_Work request_
Please transcribe exactly, and only, the lines of the data below between the line holding "x) else 0) has_integral" and the line holding "by (rule nn_integral_real_affine) (use", inclusive.

_Task input_

text \<open>Exponential tilting: Gamma(k, \<theta>) has density \<open>\<rho> powr k * exp (- (\<rho> - 1) / (\<rho> * \<theta>) * x)\<close>
  with respect to Gamma(k, \<rho> * \<theta>). On the event that the sample sum lies beyond \<open>n * \<rho> * k * \<theta>\<close>
  (above it for \<open>\<rho> \<ge> 1\<close>, below it for \<open>\<rho> \<le> 1\<close>), the likelihood ratio of the n-fold products is
  at most \<open>(\<rho> * exp (1 - \<rho>)) powr (k * n)\<close>. What remains is the probability, under the tilted
  law, that the sum lies on one side of its own mean; Berry-Esseen at 0 bounds it by
  \<open>1/2 + C * E\<bar>Y\<bar>^3 / ((E Y^2) powr (3/2) * sqrt n)\<close>, and the AM-GM (Cauchy-Schwarz) bound
  \<open>E\<bar>Y\<bar>^3 \<le> sqrt (E Y^2 * E Y^4)\<close> together with the Gamma central moments gives the factor
  \<open>sqrt (3 + 6/k) \<le> (3 + 6/k) powr (3/4)\<close>.\<close>

section \<open>Moments of the Gamma distribution\<close>

lemma nn_integral_Gamma_kernel:
  fixes a \<theta> :: real
  assumes a: "a > 0" and \<theta>: "\<theta> > 0"
  shows "(\<integral>\<^sup>+x. ennreal (if x > 0 then x powr (a - 1) * exp (- x / \<theta>) else 0) \<partial>lborel)
           = ennreal (\<theta> powr a * Gamma a)"
proof -
  let ?f = "\<lambda>x. ennreal (if x > 0 then x powr (a - 1) * exp (- x / \<theta>) else 0)"
  let ?g = "\<lambda>x. ennreal (if x > 0 then x powr (a - 1) * exp (- x) else 0)"
  have "((\<lambda>t. t powr (a - 1) / exp t) has_integral Gamma a) {0..}"
    using Gamma_integral_real[OF a] .
  then have "((\<lambda>t. if t \<in> {0..} then t powr (a - 1) / exp t else 0) has_integral Gamma a) UNIV"
    by (subst has_integral_restrict_UNIV)
  also have "(\<lambda>t. if t \<in> {0..} then t powr (a - 1) / exp t else 0)
               = (\<lambda>x. if x > 0 then x powr (a - 1) * exp (- x) else 0)"
    by (auto simp: fun_eq_iff exp_minus field_simps)
  finally have "((\<lambda>x. if x > 0 then x powr (a - 1) * exp (- x) else 0) has_integral Gamma a) UNIV" .
  then have unit: "(\<integral>\<^sup>+x. ?g x \<partial>lborel) = ennreal (Gamma a)"
    by (rule nn_integral_has_integral_lborel[rotated 2]) auto
  have "(\<integral>\<^sup>+x. ?f x \<partial>lborel) = \<bar>\<theta>\<bar> * (\<integral>\<^sup>+x. ?f (0 + \<theta> * x) \<partial>lborel)"
    by (rule nn_integral_real_affine) (use \<theta> in auto)
  also have "(\<lambda>x. ?f (0 + \<theta> * x)) = (\<lambda>x. ennreal (\<theta> powr (a - 1)) * ?g x)"
    using \<theta> by (auto simp: fun_eq_iff powr_mult zero_less_mult_iff ennreal_mult'[symmetric])
  also have "(\<integral>\<^sup>+x. ennreal (\<theta> powr (a - 1)) * ?g x \<partial>lborel) = ennreal (\<theta> powr (a - 1)) * ennreal (Gamma a)"
    by (subst nn_integral_cmult) (auto simp: unit)
  also have "\<bar>\<theta>\<bar> * (ennreal (\<theta> powr (a - 1)) * ennreal (Gamma a)) = ennreal (\<theta> powr a * Gamma a)"
    using \<theta> a by (simp add: ennreal_mult'[symmetric] powr_diff Gamma_real_pos less_imp_le)
  finally show ?thesis .
qed

lemma gamma_density_nonneg: "k > 0 \<Longrightarrow> \<theta> > 0 \<Longrightarrow> gamma_density k \<theta> x \<ge> 0"
  by (auto simp: gamma_density_def Gamma_real_pos)

lemma gamma_density_measurable [measurable]: "gamma_density k \<theta> \<in> borel_measurable borel"
  unfolding gamma_density_def by measurable

lemma nn_integral_gamma_moment:
  fixes k \<theta> :: real and j :: nat
  assumes k: "k > 0" and \<theta>: "\<theta> > 0"
  shows "(\<integral>\<^sup>+x. ennreal (gamma_density k \<theta> x * x ^ j) \<partial>lborel) = ennreal (\<theta> ^ j * pochhammer k j)"
proof -
  have Gk: "Gamma k > 0" using Gamma_real_pos[OF k] .
  have "(\<lambda>x. ennreal (gamma_density k \<theta> x * x ^ j)) = (\<lambda>x. ennreal (1 / (Gamma k * \<theta> powr k)) *
     ennreal (if x > 0 then x powr ((k + j) - 1) * exp (- x / \<theta>) else 0))"
    using k \<theta> Gk by (auto simp: fun_eq_iff gamma_density_def ennreal_mult'[symmetric]
        powr_add powr_diff powr_realpow field_simps)
  then have "(\<integral>\<^sup>+x. ennreal (gamma_density k \<theta> x * x ^ j) \<partial>lborel)
      = ennreal (1 / (Gamma k * \<theta> powr k)) * ennreal (\<theta> powr (k + j) * Gamma (k + j))"
    using k \<theta> by (simp add: nn_integral_cmult nn_integral_Gamma_kernel)
  also have "\<dots> = ennreal (\<theta> ^ j * pochhammer k j)"
    using k \<theta> Gk pochhammer_Gamma[of k j]
    by (simp add: ennreal_mult'[symmetric] powr_add powr_realpow field_simps nonpos_Ints_def)
  finally show ?thesis .
qed

lemma has_bochner_integral_gamma_moment:
  fixes k \<theta> :: real and j :: nat
  assumes k: "k > 0" and \<theta>: "\<theta> > 0"
  shows "has_bochner_integral (density lborel (gamma_density k \<theta>)) (\<lambda>x. x ^ j) (\<theta> ^ j * pochhammer k j)"
proof -
  have "has_bochner_integral lborel (\<lambda>x. gamma_density k \<theta> x * x ^ j) (\<theta> ^ j * pochhammer k j)"
    using k \<theta> nn_integral_gamma_moment[OF k \<theta>]
    by (intro has_bochner_integral_nn_integral) (auto simp: pochhammer_pos less_imp_le gamma_density_def)
  then show ?thesis
    using gamma_density_nonneg[OF k \<theta>]
    by (simp add: has_bochner_integral_iff integrable_density integral_density)
qed

lemma prob_space_gamma: "k > 0 \<Longrightarrow> \<theta> > 0 \<Longrightarrow> prob_space (density lborel (gamma_density k \<theta>))"
  using nn_integral_gamma_moment[of k \<theta> 0] by (intro prob_spaceI) (simp add: emeasure_density)

lemma has_bochner_integral_centered_gamma_moments:
  fixes k \<theta> \<sigma> :: real
  assumes k: "k > 0" and \<theta>: "\<theta> > 0" and \<sigma>: "\<bar>\<sigma>\<bar> = 1"
  defines "\<mu> \<equiv> distr (density lborel (gamma_density k \<theta>)) borel (\<lambda>x. \<sigma> * (x - k * \<theta>))"
  shows "has_bochner_integral \<mu> (\<lambda>y. y) 0"
    and "has_bochner_integral \<mu> (\<lambda>y. y\<^sup>2) (k * \<theta>\<^sup>2)"
    and "has_bochner_integral \<mu> (\<lambda>y. y ^ 4) ((3 * k\<^sup>2 + 6 * k) * \<theta> ^ 4)"
proof -
  let ?D = "density lborel (gamma_density k \<theta>)"
  let ?m = "k * \<theta>"
  note M = has_bochner_integral_gamma_moment[OF k \<theta>]
  have "\<sigma> = 1 \<or> \<sigma> = -1" using \<sigma> by linarith
  then have even_powers: "(\<sigma> * a)\<^sup>2 = a\<^sup>2" "(\<sigma> * a) ^ 4 = a ^ 4" for a :: real
    by auto
  have pushforward: "has_bochner_integral \<mu> g c"
    if "g \<in> borel_measurable borel" "has_bochner_integral ?D (\<lambda>x. g (\<sigma> * (x - ?m))) c"
    for g :: "real \<Rightarrow> real" and c
    unfolding \<mu>_def using that by (intro has_bochner_integral_distr) simp_all
  have "has_bochner_integral ?D (\<lambda>x. \<sigma> * (x ^ 1 - ?m * x ^ 0)) (\<sigma> * (\<theta> ^ 1 * pochhammer k 1 - ?m * (\<theta> ^ 0 * pochhammer k 0)))"
    by (intro has_bochner_integral_mult_right has_bochner_integral_diff M)
  then show "has_bochner_integral \<mu> (\<lambda>y. y) 0"
    by (intro pushforward) simp_all
  have "has_bochner_integral ?D (\<lambda>x. x ^ 2 - 2 * ?m * x ^ 1 + ?m\<^sup>2 * x ^ 0)
     (\<theta> ^ 2 * pochhammer k 2 - 2 * ?m * (\<theta> ^ 1 * pochhammer k 1) + ?m\<^sup>2 * (\<theta> ^ 0 * pochhammer k 0))"
    by (intro has_bochner_integral_diff has_bochner_integral_add has_bochner_integral_mult_right M)
  then show "has_bochner_integral \<mu> (\<lambda>y. y\<^sup>2) (k * \<theta>\<^sup>2)"
    by (intro pushforward) (simp, unfold even_powers, simp add: pochhammer_Suc numeral_eq_Suc power2_eq_square algebra_simps)
  have "has_bochner_integral ?D (\<lambda>x. x ^ 4 - 4 * ?m * x ^ 3 + 6 * ?m\<^sup>2 * x ^ 2 - 4 * ?m ^ 3 * x ^ 1 + ?m ^ 4 * x ^ 0)
     (\<theta> ^ 4 * pochhammer k 4 - 4 * ?m * (\<theta> ^ 3 * pochhammer k 3) + 6 * ?m\<^sup>2 * (\<theta> ^ 2 * pochhammer k 2)
      - 4 * ?m ^ 3 * (\<theta> ^ 1 * pochhammer k 1) + ?m ^ 4 * (\<theta> ^ 0 * pochhammer k 0))"
    by (intro has_bochner_integral_diff has_bochner_integral_add has_bochner_integral_mult_right M)
  then show "has_bochner_integral \<mu> (\<lambda>y. y ^ 4) ((3 * k\<^sup>2 + 6 * k) * \<theta> ^ 4)"
    by (intro pushforward) (simp, unfold even_powers, simp add: pochhammer_Suc numeral_eq_Suc power2_eq_square algebra_simps)
qed

section \<open>The Berry-Esseen bound at zero\<close>

lemma std_normal_cdf_0: "std_normal_cdf 0 = 1/2"
proof -
  let ?N = "density lborel std_normal_density"
  interpret N: prob_space ?N using prob_space_normal_density by simp
  have "emeasure ?N {..0} = (\<integral>\<^sup>+x. ennreal (std_normal_density x) * indicator {..0} x \<partial>lborel)"
    by (simp add: emeasure_density)
  also have "\<dots> = ennreal \<bar>-1::real\<bar> *
      (\<integral>\<^sup>+x. ennreal (std_normal_density (0 + -1 * x)) * indicator {..0} (0 + -1 * x) \<partial>lborel)"
    by (rule nn_integral_real_affine) auto
  also have "\<dots> = (\<integral>\<^sup>+x. ennreal (std_normal_density x) * indicator {0..} x \<partial>lborel)"
    by (auto intro!: nn_integral_cong simp: std_normal_density_def indicator_def)
  also have "\<dots> = emeasure ?N {0..}"
    by (simp add: emeasure_density)
  finally have symmetric: "measure ?N {..0} = measure ?N {0..}"
    by (simp add: measure_def)
  have "emeasure ?N {0} = (\<integral>\<^sup>+x. ennreal (std_normal_density x) * indicator {0} x \<partial>lborel)"
    by (simp add: emeasure_density)
  also have "\<dots> = (\<integral>\<^sup>+x. 0 \<partial>(lborel::real measure))"
    by (rule nn_integral_cong_AE, rule AE_mp[OF AE_lborel_singleton[of 0]]) (auto simp: indicator_def)
  finally have null: "measure ?N {0} = 0"
    by (simp add: measure_def)
  have "measure ?N ({..0} \<union> {0..}) = measure ?N {..0} + measure ?N {0..} - measure ?N ({..0} \<inter> {0..})"
    by (rule measure_Un3) (auto simp: N.fmeasurable_eq_sets)
  moreover have "{..0} \<union> {0..} = space ?N" "{..0} \<inter> {0..} = {0::real}"
    by auto
  ultimately have "1 = 2 * measure ?N {..0}"
    using symmetric null N.prob_space by simp
  then show ?thesis
    unfolding std_normal_cdf_def by simp
qed

lemma abs_cube_le_square_plus_fourth: "\<bar>z\<bar> ^ 3 \<le> z\<^sup>2 + z ^ 4" for z :: real
proof (cases "\<bar>z\<bar> \<le> 1")
  case True
  then have "\<bar>z\<bar> ^ 3 \<le> \<bar>z\<bar> ^ 2" by (intro power_decreasing) auto
  then show ?thesis by (simp add: add_increasing2)
next
  case False
  then have "\<bar>z\<bar> ^ 3 \<le> \<bar>z\<bar> ^ 4" by (intro power_increasing) auto
  then show ?thesis by (simp add: add_increasing)
qed

lemma abs_cube_le_arith_mean: "t > 0 \<Longrightarrow> \<bar>z\<bar> ^ 3 \<le> (t * z\<^sup>2 + z ^ 4 / t) / 2" for z t :: real
proof -
  assume t: "t > 0"
  have "0 \<le> (t * \<bar>z\<bar> - z\<^sup>2)\<^sup>2 / t" using t by simp
  also have "(t * \<bar>z\<bar> - z\<^sup>2)\<^sup>2 / t = t * z\<^sup>2 - 2 * \<bar>z\<bar> ^ 3 + z ^ 4 / t"
    using t by (simp add: field_simps power2_eq_square power3_eq_cube power4_eq_xxxx)
  finally show ?thesis by simp
qed

lemma integrable_abs_cube:
  fixes f :: "'a \<Rightarrow> real"
  assumes "f \<in> borel_measurable M" "integrable M (\<lambda>x. (f x)\<^sup>2)" "integrable M (\<lambda>x. f x ^ 4)"
  shows "integrable M (\<lambda>x. \<bar>f x\<bar> ^ 3)"
  using assms abs_cube_le_square_plus_fourth
  by (intro Bochner_Integration.integrable_bound[OF Bochner_Integration.integrable_add[OF assms(2,3)]]) auto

_Written reply_
  finally have "((\<lambda>x. if x > 0 then x powr (a - 1) * exp (- x) else 0) has_integral Gamma a) UNIV" .
  then have unit: "(\<integral>\<^sup>+x. ?g x \<partial>lborel) = ennreal (Gamma a)"
    by (rule nn_integral_has_integral_lborel[rotated 2]) auto
  have "(\<integral>\<^sup>+x. ?f x \<partial>lborel) = \<bar>\<theta>\<bar> * (\<integral>\<^sup>+x. ?f (0 + \<theta> * x) \<partial>lborel)"
    by (rule nn_integral_real_affine) (use \<theta> in auto)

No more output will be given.